● Assignment
Print this span of the material below exactly: the line with "section \<open>Rayleigh quotients", the line with "text \<open>Vectors of", and every line between them, but nothing else.
----
(* Let $n\in\mathbb{N}$, $\mathcal{H}=(\mathbb{C}^2)^{\otimes n}$ with computational basis $\{\lvert\bm b\rangle:\bm b\in\{0,1\}^n\}$, let $c:\{0,1\}^n\to\mathbb{R}$ and $\mathcal{S}\subseteq\{0,1\}^n$, let $C\in\mathcal{L}(\mathcal{H})$ be defined by $C\lvert\bm b\rangle=c(\bm b)\lvert\bm b\rangle$, let $\mathcal{H}_{\mathcal{S}}=\operatorname{span}\{\lvert\bm b\rangle:\bm b\in\mathcal{S}\}$ with orthogonal projection $P_{\mathcal{S}}$. Let $\lvert\iota\rangle\in\mathcal{H}_{\mathcal{S}}$ be a unit vector and let $U_1,\dots,U_\ell\in\mathcal{L}(\mathcal{H})$ be unitaries with $U_\ell=\mathbb{1}$ such that $\{U_j\lvert\iota\rangle:j=1,\dots,\ell\}$ is linearly independent. For $\bm\alpha\in\mathbb{C}^\ell$ put $M_{\bm\alpha}=\sum_{j=1}^\ell\alpha_jU_j$, and consider the problem \[ \min_{\bm\alpha\in\mathbb{C}^\ell}\ \langle\iota\rvert M_{\bm\alpha}^\dagger C M_{\bm\alpha}\lvert\iota\rangle\quad\text{s.t.}\quad \langle\iota\rvert M_{\bm\alpha}^\dagger M_{\bm\alpha}\lvert\iota\rangle=1,\quad \langle\iota\rvert M_{\bm\alpha}^\dagger(\mathbb{1}-P_{\mathcal{S}}) M_{\bm\alpha}\lvert\iota\rangle=0. \tag{P} \] Define $\mathbf F,\mathbf G,\mathbf H\in\mathbb{C}^{\ell\times\ell}$ by $\mathbf F_{jk}=\langle\iota\rvert U_j^\dagger U_k\lvert\iota\rangle$, $\mathbf G_{jk}=\langle\iota\rvert U_j^\dagger(\mathbb{1}-P_{\mathcal{S}})U_k\lvert\iota\rangle$, $\mathbf H_{jk}=\langle\iota\rvert U_j^\dagger C U_k\lvert\iota\rangle$, and the real symmetric $2\ell\times2\ell$ matrices \[ \bm F=\begin{pmatrix}\operatorname{Re}\mathbf F&-\operatorname{Im}\mathbf F\\ \operatorname{Im}\mathbf F&\operatorname{Re}\mathbf F\end{pmatrix},\ \bm G=\begin{pmatrix}\operatorname{Re}\mathbf G&-\operatorname{Im}\mathbf G\\ \operatorname{Im}\mathbf G&\operatorname{Re}\mathbf G\end{pmatrix},\ \bm H=\begin{pmatrix}\operatorname{Re}\mathbf H&-\operatorname{Im}\mathbf H\\ \operatorname{Im}\mathbf H&\operatorname{Re}\mathbf H\end{pmatrix}. \] Let $m=\dim\ker\bm G$ and let $\bm B_{\bm G}$ be a real orthogonal $2\ell\times2\ell$ matrix such that $\bm B_{\bm G}\bm G\bm B_{\bm G}^{-1}$ is diagonal with its first $m$ diagonal entries equal to $0$ (and the others nonzero). Let $\tilde{\bm F}$ and $\tilde{\bm H}$ be the upper-left $m\times m$ blocks of $\bm B_{\bm G}\bm F\bm B_{\bm G}^{-1}$ and $\bm B_{\bm G}\bm H\bm B_{\bm G}^{-1}$, respectively. Let $\lambda_0$ be the smallest generalized eigenvalue of the generalized eigenvalue problem $\tilde{\bm H}\bm x=\lambda\tilde{\bm F}\bm x$, $\bm x\in\mathbb{R}^m\setminus\{\bm 0\}$, and let $\bm x_0$ be an associated generalized eigenvector normalized so that $\bm x_0^{\top}\tilde{\bm F}\bm x_0=1$. Then the minimum of (P) equals $\lambda_0$, and a minimizer of (P) is \[ \bm\alpha_0=\big[\bm B_{\bm G}^{-1}(\bm x_0,0,\dots,0)\big]_{1,\dots,\ell}+i\,\big[\bm B_{\bm G}^{-1}(\bm x_0,0,\dots,0)\big]_{\ell+1,\dots,2\ell}, \] where $(\bm x_0,0,\dots,0)\in\mathbb{R}^{2\ell}$ is $\bm x_0$ padded with $2\ell-m$ zeros and $[\bm v]_{a,\dots,b}$ denotes the vector of entries $a$ through $b$ of $\bm v$.
   Context: $\mathcal{L}(\mathcal{H})$ denotes linear operators on $\mathcal{H}$; $\mathbb{1}$ is the identity. The data $(n,c,\mathcal{S})$ is a constrained combinatorial optimization problem with objective $c$ and feasible set $\mathcal{S}$. A generalized eigenvalue of the pair $(\tilde{\bm H},\tilde{\bm F})$ is a $\lambda\in\mathbb{R}$ for which there is a nonzero $\bm x$ with $\tilde{\bm H}\bm x=\lambda\tilde{\bm F}\bm x$. *)

theory Defs
  imports "Jordan_Normal_Form.Matrix_Kernel" "Jordan_Normal_Form.Conjugate"
begin

(* Hilbert space H = (C^2)^{\<otimes> n} = C^(2^n); computational basis vector |b> for
   b \<in> {0,1}^n is the standard unit vector with index the number whose binary digits are b. *)

definition adj :: "complex mat \<Rightarrow> complex mat" where
  "adj A = map_mat cnj (transpose_mat A)"

definition braket :: "complex vec \<Rightarrow> complex mat \<Rightarrow> complex vec \<Rightarrow> complex" where
  "braket v A w = (\<Sum>i<dim_vec v. cnj (v $ i) * (A *\<^sub>v w) $ i)"

definition unitary_mat :: "nat \<Rightarrow> complex mat \<Rightarrow> bool" where
  "unitary_mat N U \<longleftrightarrow> U \<in> carrier_mat N N \<and> adj U * U = 1\<^sub>m N \<and> U * adj U = 1\<^sub>m N"

definition cost_op :: "nat \<Rightarrow> (nat \<Rightarrow> real) \<Rightarrow> complex mat" where
  "cost_op N c = mat N N (\<lambda>(i,j). if i = j then complex_of_real (c i) else 0)"

definition proj_op :: "nat \<Rightarrow> nat set \<Rightarrow> complex mat" where
  "proj_op N S = mat N N (\<lambda>(i,j). if i = j \<and> i \<in> S then 1 else 0)"

definition Mop :: "nat \<Rightarrow> nat \<Rightarrow> (nat \<Rightarrow> complex mat) \<Rightarrow> complex vec \<Rightarrow> complex mat" where
  "Mop N l U \<alpha> = mat N N (\<lambda>(r,s). \<Sum>j<l. \<alpha> $ j * U j $$ (r,s))"

definition lin_indep_family :: "nat \<Rightarrow> (nat \<Rightarrow> complex vec) \<Rightarrow> nat \<Rightarrow> bool" where
  "lin_indep_family N v l \<longleftrightarrow>
     (\<forall>a :: nat \<Rightarrow> complex. (\<forall>i<N. (\<Sum>j<l. a j * v j $ i) = 0) \<longrightarrow> (\<forall>j<l. a j = 0))"

definition gram :: "nat \<Rightarrow> (nat \<Rightarrow> complex mat) \<Rightarrow> complex vec \<Rightarrow> complex mat \<Rightarrow> complex mat" where
  "gram l U \<iota> A = mat l l (\<lambda>(j,k). braket \<iota> (adj (U j) * A * U k) \<iota>)"

definition realify :: "complex mat \<Rightarrow> real mat" where
  "realify X = four_block_mat (map_mat Re X) (map_mat (\<lambda>z. - Im z) X) (map_mat Im X) (map_mat Re X)"

definition upper_left :: "nat \<Rightarrow> real mat \<Rightarrow> real mat" where
  "upper_left m A = mat m m (\<lambda>(i,j). A $$ (i,j))"

definition gen_eigenvalue :: "nat \<Rightarrow> real mat \<Rightarrow> real mat \<Rightarrow> real \<Rightarrow> bool" where
  "gen_eigenvalue m Ht Ft lam \<longleftrightarrow>
     (\<exists>x \<in> carrier_vec m. x \<noteq> 0\<^sub>v m \<and> Ht *\<^sub>v x = lam \<cdot>\<^sub>v (Ft *\<^sub>v x))"

definition feasible :: "nat \<Rightarrow> nat \<Rightarrow> nat set \<Rightarrow> (nat \<Rightarrow> complex mat) \<Rightarrow> complex vec \<Rightarrow> complex vec \<Rightarrow> bool" where
  "feasible N l S U \<iota> \<alpha> \<longleftrightarrow> \<alpha> \<in> carrier_vec l \<and>
     braket \<iota> (adj (Mop N l U \<alpha>) * Mop N l U \<alpha>) \<iota> = 1 \<and>
     braket \<iota> (adj (Mop N l U \<alpha>) * (1\<^sub>m N - proj_op N S) * Mop N l U \<alpha>) \<iota> = 0"

definition objective :: "nat \<Rightarrow> nat \<Rightarrow> (nat \<Rightarrow> real) \<Rightarrow> (nat \<Rightarrow> complex mat) \<Rightarrow> complex vec \<Rightarrow> complex vec \<Rightarrow> complex" where
  "objective N l c U \<iota> \<alpha> = braket \<iota> (adj (Mop N l U \<alpha>) * cost_op N c * Mop N l U \<alpha>) \<iota>"

end

theory Submission
  imports Defs "HOL-Analysis.Function_Topology"
begin

text \<open>
  Write \<open>\<alpha> = y' + i y''\<close> with \<open>y = (y', y'') \<in> \<real>\<^bsup>2l\<^esup>\<close>. The operators \<open>\<one>\<close>, \<open>\<one> - P\<^sub>S\<close> and \<open>C\<close>
  are real diagonal, so each form \<open>\<langle>\<iota>| M\<^sub>\<alpha>\<^sup>\<dagger> A M\<^sub>\<alpha> |\<iota>\<rangle>\<close> equals \<open>\<Sum>\<^sub>p d\<^sub>p |(M\<^sub>\<alpha>\<iota>)\<^sub>p|\<^sup>2\<close>, which is
  \<open>y\<^sup>T X y\<close> for the realified Gram matrix \<open>X\<close> of \<open>A\<close>. Problem (P) thus becomes: minimise
  \<open>y\<^sup>T H y\<close> subject to \<open>y\<^sup>T F y = 1\<close> and \<open>y\<^sup>T G y = 0\<close>, where \<open>G\<close> is positive semidefinite and
  \<open>F\<close> is positive definite by the linear independence of the \<open>U\<^sub>j \<iota>\<close>.

  As \<open>B G B\<^sup>T\<close> is diagonal with nonnegative entries that vanish exactly in the first \<open>m\<close>
  positions, \<open>y\<^sup>T G y = 0\<close> holds iff \<open>y = B\<^sup>T (x, 0)\<close>, and for such \<open>y\<close> the forms of \<open>F\<close> and \<open>H\<close>
  are those of \<open>Ft\<close> and \<open>Ht\<close> at \<open>x\<close>. It remains to see that \<open>\<lambda>\<^sub>0 x\<^sup>T Ft x \<le> x\<^sup>T Ht x\<close>: the
  Rayleigh quotient \<open>x\<^sup>T Ht x / x\<^sup>T Ft x\<close> attains its minimum \<open>\<mu>\<close> on the compact unit sphere,
  \<open>Ht - \<mu> Ft\<close> is then positive semidefinite with a null vector at the minimiser, which is
  therefore a generalised eigenvector, so \<open>\<lambda>\<^sub>0 \<le> \<mu>\<close>; and \<open>x\<^sub>0\<close> attains \<open>\<lambda>\<^sub>0\<close>.
\<close>

section \<open>Rayleigh quotients of real quadratic forms\<close>

text \<open>Vectors of \<open>\<real>\<^sup>m\<close> are represented here by functions \<open>nat \<Rightarrow> real\<close>, of which only the values
  below \<open>m\<close> matter, so that compactness of the unit sphere can be taken from the product topology.\<close>

definition quad_form :: "nat \<Rightarrow> (nat \<Rightarrow> nat \<Rightarrow> real) \<Rightarrow> (nat \<Rightarrow> real) \<Rightarrow> real" where
  "quad_form m h x = (\<Sum>i<m. \<Sum>j<m. x i * h i j * x j)"

lemma quad_form_cong: "(\<And>i. i < m \<Longrightarrow> x i = y i) \<Longrightarrow> quad_form m h x = quad_form m h y"
  unfolding quad_form_def by (intro sum.cong refl) auto

lemma quad_form_coeff_cong:
  "(\<And>i j. i < m \<Longrightarrow> j < m \<Longrightarrow> h i j = h' i j) \<Longrightarrow> quad_form m h x = quad_form m h' x"
  unfolding quad_form_def by (intro sum.cong refl) auto

lemma quad_form_scale: "quad_form m h (\<lambda>i. r * x i) = r\<^sup>2 * quad_form m h x"
  unfolding quad_form_def by (simp add: sum_distrib_left power2_eq_square mult_ac)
----
● Solution for this exercise
section \<open>Rayleigh quotients of real quadratic forms\<close>

text \<open>Vectors of \<open>\<real>\<^sup>m\<close> are represented here by functions \<open>nat \<Rightarrow> real\<close>, of which only the values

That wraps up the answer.